Seems odd that the TSH would go lower.

Going on a beta blocker is standard procedure when very suppressed. Lots of people do it and I did it once because my heart was always racing. Of course mine was due to anemia to find out later. But at any rate, the beta blocker really does calm you down and slow down the heart rate. It wasn't that bad.

But I think you could still do some T4 medication adjusting before you get to that point.

 

[Tinker'n'Fun]

Hello everyone. I don't usually post but do read. I have Hashimoto's thryoiditis, had my total thyroid removed at pre-cancerous, and have been pretty normal ever since.

Lately I have been really blah, tired, weight, sweats, etc.
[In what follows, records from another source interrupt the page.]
lemma is_loop_smult: "is_loop X smult"
  unfolding is_loop_def
proof (intro conjI ballI)
  fix x y assume "x \<in> X" "y \<in> X"
  then show "smult x y \<in> X" unfolding smult_def using transl_to T_mem by blast
next
  have "transl_to e = (\<lambda>x\<in>X. x)" using transl_to_eqI[OF id_mem] base_mem by simp
  then show "\<exists>u\<in>X. \<forall>x\<in>X. smult u x = x \<and> smult x u = x"
    using base_mem transl_to by (intro bexI[of _ e]) (auto simp: smult_def)
next
  fix u w assume u: "u \<in> X" and w: "w \<in> X"
  then obtain t where t: "t \<in> T" "t u = w" using ex1_transl by blast
  show "\<exists>!x. x \<in> X \<and> smult u x = w"
  proof
    show "t e \<in> X \<and> smult u (t e) = w"
      using t base_mem by (simp add: smult_def transl_to_eqI T_mem)
    fix x assume "x \<in> X \<and> smult u x = w"
    then have "transl_to x = t"
      using ex1_transl[OF u w] t transl_to unfolding smult_def by blast
    then show "x = t e" using \<open>x \<in> X \<and> _\<close> transl_to by metis
  qed
next
  fix u w assume u: "u \<in> X" and w: "w \<in> X"
  have bij: "bij_betw (transl_to u) X X" using transl_to[OF u] T_bij_betw by blast
  then obtain y where y: "y \<in> X" "transl_to u y = w"
    using w by (metis bij_betw_imp_surj_on imageE)
  show "\<exists>!y. y \<in> X \<and> smult y u = w"
  proof (rule ex1I[of _ y])
    show "y \<in> X \<and> smult y u = w" using y by (simp add: smult_def)
    fix y' assume "y' \<in> X \<and> smult y' u = w"
    then show "y' = y" using y bij by (auto simp: smult_def bij_betw_def inj_on_def)
  qed
qed

lemma right_transl_eq: "y \<in> X \<Longrightarrow> right_transl X smult y = transl_to y"
  using transl_to[of y] T_Bij
  by (auto simp: right_transl_def smult_def Bij_def extensional_restrict)

lemma right_transls_eq: "right_transls X smult = T"
proof
  show "right_transls X smult \<subseteq> T"
    unfolding right_transls_def using right_transl_eq transl_to by auto
  show "T \<subseteq> right_transls X smult"
  proof
    fix t assume t: "t \<in> T"
    then have "t = right_transl X smult (t e)"
      using base_mem T_mem right_transl_eq transl_to_eqI by metis
    then show "t \<in> right_transls X smult"
      unfolding right_transls_def using t base_mem T_mem by blast
  qed
qed

lemma right_conj_closed_image:
  assumes hom: "group_hom G (BijGroup X) \<phi>" and T0: "T0 \<subseteq> carrier G" "T = \<phi> ` T0"
    and conj: "\<And>r s. r \<in> T0 \<Longrightarrow> s \<in> T0 \<Longrightarrow> inv\<^bsub>G\<^esub> s \<otimes>\<^bsub>G\<^esub> r \<otimes>\<^bsub>G\<^esub> s \<in> T0"
  shows "right_conj_closed X smult"
  unfolding right_conj_closed_def right_transls_eq
proof (intro ballI)
  interpret group_hom G "BijGroup X" \<phi> by (rule hom)
  fix r s assume "r \<in> T" "s \<in> T"
  then obtain r0 s0 where r0: "r0 \<in> T0" "r = \<phi> r0" and s0: "s0 \<in> T0" "s = \<phi> s0"
    using T0 by auto
  have "inv\<^bsub>BijGroup X\<^esub> s \<otimes>\<^bsub>BijGroup X\<^esub> r \<otimes>\<^bsub>BijGroup X\<^esub> s
        = \<phi> (inv\<^bsub>G\<^esub> s0 \<otimes>\<^bsub>G\<^esub> r0 \<otimes>\<^bsub>G\<^esub> s0)"
    using r0 s0 T0 by (simp add: subsetD)
  then show "inv\<^bsub>BijGroup X\<^esub> s \<otimes>\<^bsub>BijGroup X\<^esub> r \<otimes>\<^bsub>BijGroup X\<^esub> s \<in> T"
    using conj[OF r0(1) s0(1)] T0 by simp
qed

lemma right_mult_group_iso:
  assumes hom: "group_hom G (BijGroup X) \<phi>" and inj: "inj_on \<phi> (carrier G)"
    and T0: "T0 \<subseteq> carrier G" "T = \<phi> ` T0" and gen: "generate G T0 = carrier G"
  shows "right_mult_group X smult \<cong> G"
proof -
  interpret group_hom G "BijGroup X" \<phi> by (rule hom)
  have "carrier (right_mult_group X smult) = generate (BijGroup X) (\<phi> ` T0)"
    by (simp add: right_mult_group_def right_transls_eq flip: T0(2))
  also have "\<dots> = \<phi> ` carrier G"
    using generate_img[OF T0(1)] gen by simp
  finally have carrier: "carrier (right_mult_group X smult) = \<phi> ` carrier G" .
  have "\<phi> \<in> iso G (right_mult_group X smult)"
  proof (rule isoI)
    show "\<phi> \<in> hom G (right_mult_group X smult)"
      using carrier by (intro homI) (auto simp: right_mult_group_def)
    show "bij_betw \<phi> (carrier G) (carrier (right_mult_group X smult))"
      using inj carrier by (simp add: bij_betw_def)
  qed
  then show ?thesis using G.iso_sym is_isoI by blast
qed

end

definition mat2 :: "'a \<Rightarrow> 'a \<Rightarrow> 'a \<Rightarrow> 'a \<Rightarrow> 'a^2^2" where
  "mat2 p q r s = (\<chi> i j. if i = 1 then if j = 1 then p else q else if j = 1 then r else s)"

definition vec2 :: "'a \<Rightarrow> 'a \<Rightarrow> 'a^2" where
  "vec2 x y = (\<chi> i. if i = 1 then x else y)"

lemma mat2_nth [simp]:
  "mat2 p q r s $ 1 $ 1 = p" "mat2 p q r s $ 1 $ 2 = q"
  "mat2 p q r s $ 2 $ 1 = r" "mat2 p q r s $ 2 $ 2 = s"
  by (simp_all add: mat2_def)

lemma vec2_nth [simp]: "vec2 x y $ 1 = x" "vec2 x y $ 2 = y"
  by (simp_all add: vec2_def)

lemma mat2_cases: obtains p q r s where "A = mat2 p q r s"
proof
  show "A = mat2 (A$1$1) (A$1$2) (A$2$1) (A$2$2)"
    unfolding mat2_def vec_eq_iff by (simp add: forall_2)
qed

lemma vec2_cases: obtains x y where "v = vec2 x y"
proof
  show "v = vec2 (v$1) (v$2)"
    unfolding vec2_def vec_eq_iff by (simp add: forall_2)
qed

lemma mat2_eq_iff [simp]:
  "mat2 p q r s = mat2 p' q' r' s' \<longleftrightarrow> p = p' \<and> q = q' \<and> r = r' \<and> s = s'"
  unfolding mat2_def vec_eq_iff by (auto simp: forall_2)

lemma vec2_eq_iff [simp]: "vec2 x y = vec2 x' y' \<longleftrightarrow> x = x' \<and> y = y'"
  unfolding vec2_def vec_eq_iff by (auto simp: forall_2)

lemma vec2_eq_0_iff [simp]: "vec2 x y = 0 \<longleftrightarrow> x = 0 \<and> y = 0"
  unfolding vec2_def vec_eq_iff by (auto simp: forall_2)

lemma mat2_mult [simp]:
  fixes p :: "'a::comm_semiring_1"
  shows "mat2 p q r s ** mat2 p' q' r' s' =
    mat2 (p * p' + q * r') (p * q' + q * s') (r * p' + s * r') (r * q' + s * s')"
  unfolding matrix_matrix_mult_def mat2_def vec_eq_iff by (simp add: sum_2 forall_2)

lemma mat2_mulv [simp]:
  fixes p :: "'a::comm_semiring_1"
  shows "mat2 p q r s *v vec2 x y = vec2 (p * x + q * y) (r * x + s * y)"
  unfolding matrix_vector_mult_def mat2_def vec2_def vec_eq_iff by (simp add: sum_2 forall_2)

lemma vec2_smult [simp]: "k *s vec2 x y = vec2 (k * x) (k * y)"
  unfolding vec2_def vec_eq_iff by (simp add: forall_2)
They are upping my synthroid from .137 to .150. This is the first change is many years, so I am a bit out of the loop.

I know you all are very educated.

So my levels are off and DH will bring home the results (he had an appt today). Am I Hyper or Hypo, as I would like to look up the symptoms and try to fit the problems I have been having to the thyroid so I can then concentrate on the others. I have been having a really hard time and I thought it was just perimenopause.

Thanks everyone!

 

[mrsklamc]

Hello everyone. I don't usually post but do read. I have Hashimoto's thryoiditis, had my total thyroid removed at pre-cancerous, and have been pretty normal ever since.

Lately I have been really blah, tired, weight, sweats, etc. They are upping my synthroid from .137 to .150. This is the first change is many years, so I am a bit out of the loop.

I

Sorry with the sweats I would say hyper. Do you know how you've been sleeping? I don't sleep well when hyper and then I'm always tired. The rest of the symptoms could be either. Gaining weight seems counterintuitive, but some people feel driven to eat more when hyper.